> [Saved data entries]:

################

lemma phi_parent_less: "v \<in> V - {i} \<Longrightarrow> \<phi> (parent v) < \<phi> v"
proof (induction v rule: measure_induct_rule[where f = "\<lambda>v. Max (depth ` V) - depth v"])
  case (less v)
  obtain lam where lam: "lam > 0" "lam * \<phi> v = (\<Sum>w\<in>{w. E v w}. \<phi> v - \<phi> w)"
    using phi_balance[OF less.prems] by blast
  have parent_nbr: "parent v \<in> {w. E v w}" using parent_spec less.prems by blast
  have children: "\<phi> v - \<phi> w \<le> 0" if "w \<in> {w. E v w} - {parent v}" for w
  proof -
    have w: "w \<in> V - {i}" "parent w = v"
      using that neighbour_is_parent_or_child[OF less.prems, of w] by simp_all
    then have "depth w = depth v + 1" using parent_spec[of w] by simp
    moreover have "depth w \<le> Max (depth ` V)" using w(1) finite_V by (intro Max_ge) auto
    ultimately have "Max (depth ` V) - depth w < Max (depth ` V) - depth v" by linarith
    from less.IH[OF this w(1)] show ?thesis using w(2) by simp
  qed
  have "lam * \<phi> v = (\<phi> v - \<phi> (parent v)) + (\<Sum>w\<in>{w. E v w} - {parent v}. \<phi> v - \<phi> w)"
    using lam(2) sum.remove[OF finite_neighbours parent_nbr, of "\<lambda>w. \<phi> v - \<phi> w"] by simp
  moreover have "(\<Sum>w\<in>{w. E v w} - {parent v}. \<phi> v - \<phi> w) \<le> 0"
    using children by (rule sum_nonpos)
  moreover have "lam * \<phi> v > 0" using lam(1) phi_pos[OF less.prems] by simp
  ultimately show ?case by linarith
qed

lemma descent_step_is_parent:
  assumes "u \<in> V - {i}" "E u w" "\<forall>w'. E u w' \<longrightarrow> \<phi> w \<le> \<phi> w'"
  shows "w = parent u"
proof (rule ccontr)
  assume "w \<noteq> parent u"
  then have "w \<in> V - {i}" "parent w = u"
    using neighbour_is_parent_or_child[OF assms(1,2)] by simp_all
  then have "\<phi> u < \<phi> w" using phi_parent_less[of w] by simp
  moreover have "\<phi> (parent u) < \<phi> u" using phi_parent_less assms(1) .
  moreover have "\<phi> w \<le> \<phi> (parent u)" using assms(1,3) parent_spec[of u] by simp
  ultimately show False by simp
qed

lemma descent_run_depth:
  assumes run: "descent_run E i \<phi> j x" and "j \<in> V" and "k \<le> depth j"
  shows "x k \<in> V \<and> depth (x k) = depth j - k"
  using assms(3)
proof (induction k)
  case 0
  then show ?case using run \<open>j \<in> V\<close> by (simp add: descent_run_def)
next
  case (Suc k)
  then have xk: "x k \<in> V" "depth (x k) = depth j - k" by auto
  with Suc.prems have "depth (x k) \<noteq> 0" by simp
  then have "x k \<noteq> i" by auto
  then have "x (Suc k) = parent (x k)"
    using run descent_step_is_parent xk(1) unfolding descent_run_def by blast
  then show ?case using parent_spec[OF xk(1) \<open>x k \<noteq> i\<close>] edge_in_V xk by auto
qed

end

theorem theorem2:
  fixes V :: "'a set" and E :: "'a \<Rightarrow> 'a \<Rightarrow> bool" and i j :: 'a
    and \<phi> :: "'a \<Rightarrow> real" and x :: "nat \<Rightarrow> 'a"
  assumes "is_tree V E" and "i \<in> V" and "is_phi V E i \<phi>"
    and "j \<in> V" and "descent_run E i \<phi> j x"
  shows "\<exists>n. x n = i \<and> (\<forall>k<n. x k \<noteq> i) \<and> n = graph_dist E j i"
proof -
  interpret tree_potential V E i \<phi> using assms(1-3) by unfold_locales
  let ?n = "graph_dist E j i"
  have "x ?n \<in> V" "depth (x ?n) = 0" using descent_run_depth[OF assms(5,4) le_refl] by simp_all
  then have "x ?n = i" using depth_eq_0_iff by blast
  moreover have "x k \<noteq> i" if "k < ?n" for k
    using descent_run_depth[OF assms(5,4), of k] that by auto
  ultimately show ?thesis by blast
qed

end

################

> [Work request]: From the very first line of the records down to the line with "using lam(2) sum.remove[OF", please write out each line exactly, including both ends and no other lines.

> [Response to this exercise]:
lemma phi_parent_less: "v \<in> V - {i} \<Longrightarrow> \<phi> (parent v) < \<phi> v"
proof (induction v rule: measure_induct_rule[where f = "\<lambda>v. Max (depth ` V) - depth v"])
  case (less v)
  obtain lam where lam: "lam > 0" "lam * \<phi> v = (\<Sum>w\<in>{w. E v w}. \<phi> v - \<phi> w)"
    using phi_balance[OF less.prems] by blast
  have parent_nbr: "parent v \<in> {w. E v w}" using parent_spec less.prems by blast
  have children: "\<phi> v - \<phi> w \<le> 0" if "w \<in> {w. E v w} - {parent v}" for w
  proof -
    have w: "w \<in> V - {i}" "parent w = v"
      using that neighbour_is_parent_or_child[OF less.prems, of w] by simp_all
    then have "depth w = depth v + 1" using parent_spec[of w] by simp
    moreover have "depth w \<le> Max (depth ` V)" using w(1) finite_V by (intro Max_ge) auto
    ultimately have "Max (depth ` V) - depth w < Max (depth ` V) - depth v" by linarith
    from less.IH[OF this w(1)] show ?thesis using w(2) by simp
  qed
  have "lam * \<phi> v = (\<phi> v - \<phi> (parent v)) + (\<Sum>w\<in>{w. E v w} - {parent v}. \<phi> v - \<phi> w)"
    using lam(2) sum.remove[OF finite_neighbours parent_nbr, of "\<lambda>w. \<phi> v - \<phi> w"] by simp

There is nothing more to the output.